Like a hungry animal, she returned it. It had been so long since a male showed even a modicum of desire in this way. And so began their hour-long attempt at getting him to release, an act he hadn’t committed with another human being since 2025. Orgasming three times herself throughout this process, Vivian was beginning to grow weary, not to mention starting to feel guilty for not being able to fulfill her end of the unspoken bargain. However, maybe this is what the initiation of matriarchy signified: not caring if the male had an orgasm or not. Just as they had never really cared in the past if the woman did, concerned only with taking what they needed and rolling over. Drew wasn’t even upset about it when he finally gave up, his erection deflating in the dark. Hence, his nonchalant insistence, “I’ll bust next time.”

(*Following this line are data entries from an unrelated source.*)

lemma wot_limit_commute:
  assumes P: "wot_limit A P" and AB: "eventually (\<lambda>m. A m \<circ> B = B \<circ> A m) sequentially"
    and B: "selfadjoint B"
  shows "P \<circ> B = B \<circ> P"
proof
  fix x
  have "inner (P (B x)) y = inner (B (P x)) y" for y
  proof -
    have "eventually (\<lambda>m. inner (A m x) (B y) = inner (A m (B x)) y) sequentially"
      using AB
    proof eventually_elim
      case (elim m)
      then have "A m (B x) = B (A m x)" by (metis comp_apply)
      with B show ?case by (simp add: selfadjoint_def)
    qed
    with wot_limitD[OF P] have "(\<lambda>m. inner (A m (B x)) y) \<longlonglongrightarrow> inner (P x) (B y)"
      by (rule Lim_transform_eventually)
    with wot_limitD[OF P] have "inner (P (B x)) y = inner (P x) (B y)"
      by (rule LIMSEQ_unique)
    with B show ?thesis by (simp add: selfadjoint_def)
  qed
  then show "(P \<circ> B) x = (B \<circ> P) x" by (metis comp_apply vector_eq_rdot)
qed

lemma wot_limit_fixed:
  assumes P: "wot_limit A P" and "eventually (\<lambda>m. A m v = v) sequentially"
  shows "P v = v"
proof -
  have "inner (P v) y = inner v y" for y
  proof -
    have "eventually (\<lambda>m. inner (A m v) y = inner v y) sequentially"
      using assms(2) by eventually_elim simp
    with wot_limitD[OF P] have "(\<lambda>m. inner v y) \<longlonglongrightarrow> inner (P v) y"
      by (rule Lim_transform_eventually)
    then show ?thesis using tendsto_const by (rule LIMSEQ_unique)
  qed
  then show ?thesis by (metis vector_eq_rdot)
qed

lemma wot_limit_tendsto_inner:
  assumes P: "wot_limit A P" and lin: "\<And>m. linear (A m)"
    and contr: "\<And>m u. norm (A m u) \<le> norm u" and xs: "xs \<longlonglongrightarrow> x"
  shows "(\<lambda>m. inner (A m (xs m)) z) \<longlonglongrightarrow> inner (P x) z"
proof -
  have split: "inner (A m (xs m)) z = inner (A m (xs m - x)) z + inner (A m x) z" for m
    by (simp add: linear_diff[OF lin] inner_diff_left)
  have bound: "\<forall>m. norm (inner (A m (xs m - x)) z) \<le> norm (xs m - x) * norm z"
  proof
    fix m
    have "norm (inner (A m (xs m - x)) z) \<le> norm (A m (xs m - x)) * norm z"
      using Cauchy_Schwarz_ineq2 by simp
    also have "\<dots> \<le> norm (xs m - x) * norm z" by (simp add: contr mult_right_mono)
    finally show "norm (inner (A m (xs m - x)) z) \<le> norm (xs m - x) * norm z" .
  qed
  have "(\<lambda>m. norm (xs m - x)) \<longlonglongrightarrow> 0"
    using xs by (simp add: LIM_zero tendsto_norm_zero)
  then have "(\<lambda>m. norm (xs m - x) * norm z) \<longlonglongrightarrow> 0"
    by (rule tendsto_mult_left_zero)
  with always_eventually[OF bound] have "(\<lambda>m. inner (A m (xs m - x)) z) \<longlonglongrightarrow> 0"
    by (rule Lim_null_comparison)
  from tendsto_add[OF this wot_limitD[OF P]] show ?thesis by (simp add: split)
qed

lemma fold_transpose_shift_apply:
  assumes "j \<le> m"
  shows "fold (\<lambda>i f. f \<circ> Transposition.transpose (n + i) (n + m + i)) [1..<j+1] id x =
    (if n < x \<and> x \<le> n + j then x + m else if n + m < x \<and> x \<le> n + m + j then x - m else x)"
  using assms
proof (induction j arbitrary: x)
  case 0
  then show ?case by simp
next
  case (Suc j)
  have "[1..<Suc j + 1] = [1..<j+1] @ [Suc j]" by simp
  then show ?case
    using Suc by (auto simp: Transposition.transpose_def)
qed

lemma sigma_apply:
  "sigma n m x =
    (if n < x \<and> x \<le> n + m then x + m else if n + m < x \<and> x \<le> n + 2*m then x - m else x)"
  unfolding sigma_def using fold_transpose_shift_apply[of m m n x] by simp

lemma sigma_comp_sigma: "sigma n m \<circ> sigma n m = id"
  by (auto simp: fun_eq_iff sigma_apply)

lemma sigma_in_Sinf: "sigma n m \<in> Sinf"
  unfolding Sinf_def using sigma_comp_sigma by (auto intro!: o_bij simp: sigma_apply)

lemma transpose_in_Sinf: "a \<ge> 1 \<Longrightarrow> b \<ge> 1 \<Longrightarrow> Transposition.transpose a b \<in> Sinf"
  unfolding Sinf_def by (auto simp: Transposition.transpose_def)

lemma transpose_in_Sinf_fix:
  "a \<ge> 1 \<Longrightarrow> a < b \<Longrightarrow> Transposition.transpose a b \<in> Sinf_fix (a - 1)"
  unfolding Sinf_fix_def using transpose_in_Sinf[of a b] by (auto simp: Transposition.transpose_def)

lemma sigma_transpose_commute:
  "k \<le> n \<Longrightarrow> n + 2*m < N \<Longrightarrow>
    Transposition.transpose k N \<circ> sigma n m = sigma n m \<circ> Transposition.transpose k N"
  by (auto simp: fun_eq_iff sigma_apply Transposition.transpose_def)

lemma transpose_comp_sigma:
  "n < a \<Longrightarrow> a < b \<Longrightarrow> b \<le> n + m \<Longrightarrow>
    Transposition.transpose a b \<circ> sigma n m = sigma n m \<circ> Transposition.transpose (a+m) (b+m)"
  by (auto simp: fun_eq_iff sigma_apply Transposition.transpose_def)

context
  fixes J :: "'a::real_inner \<Rightarrow> 'a" and K :: "(nat \<Rightarrow> nat) \<Rightarrow> 'a \<Rightarrow> 'a"
  assumes rep: "continuous_unitary_rep J K"
begin

lemma rep_comp: "s \<in> Sinf \<Longrightarrow> t \<in> Sinf \<Longrightarrow> K (s \<circ> t) = K s \<circ> K t"
  using rep unfolding continuous_unitary_rep_def by blast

Next time, Vivian knew, would not come (pardon the pun). That’s why she felt compelled to jokingly leave a note on his nightstand using the receipt from her bar tab from earlier and the antique pen she always carried with her. It said simply: “IOU 1 Orgasm.” So it was that Drew aided in her gradual transition toward becoming the single-handed matriarchy maker of New York, callously fucking men until she had at least two orgasms and then leaving them with the same cruel note every time. She would never repay her debts. And men in the epoch of the Aloof Toward Sex couldn’t care either way if she did. That was rather the irony of her attempt at being a maker of matriarchy via the withholding of orgasms. Men couldn’t have them anyway anymore.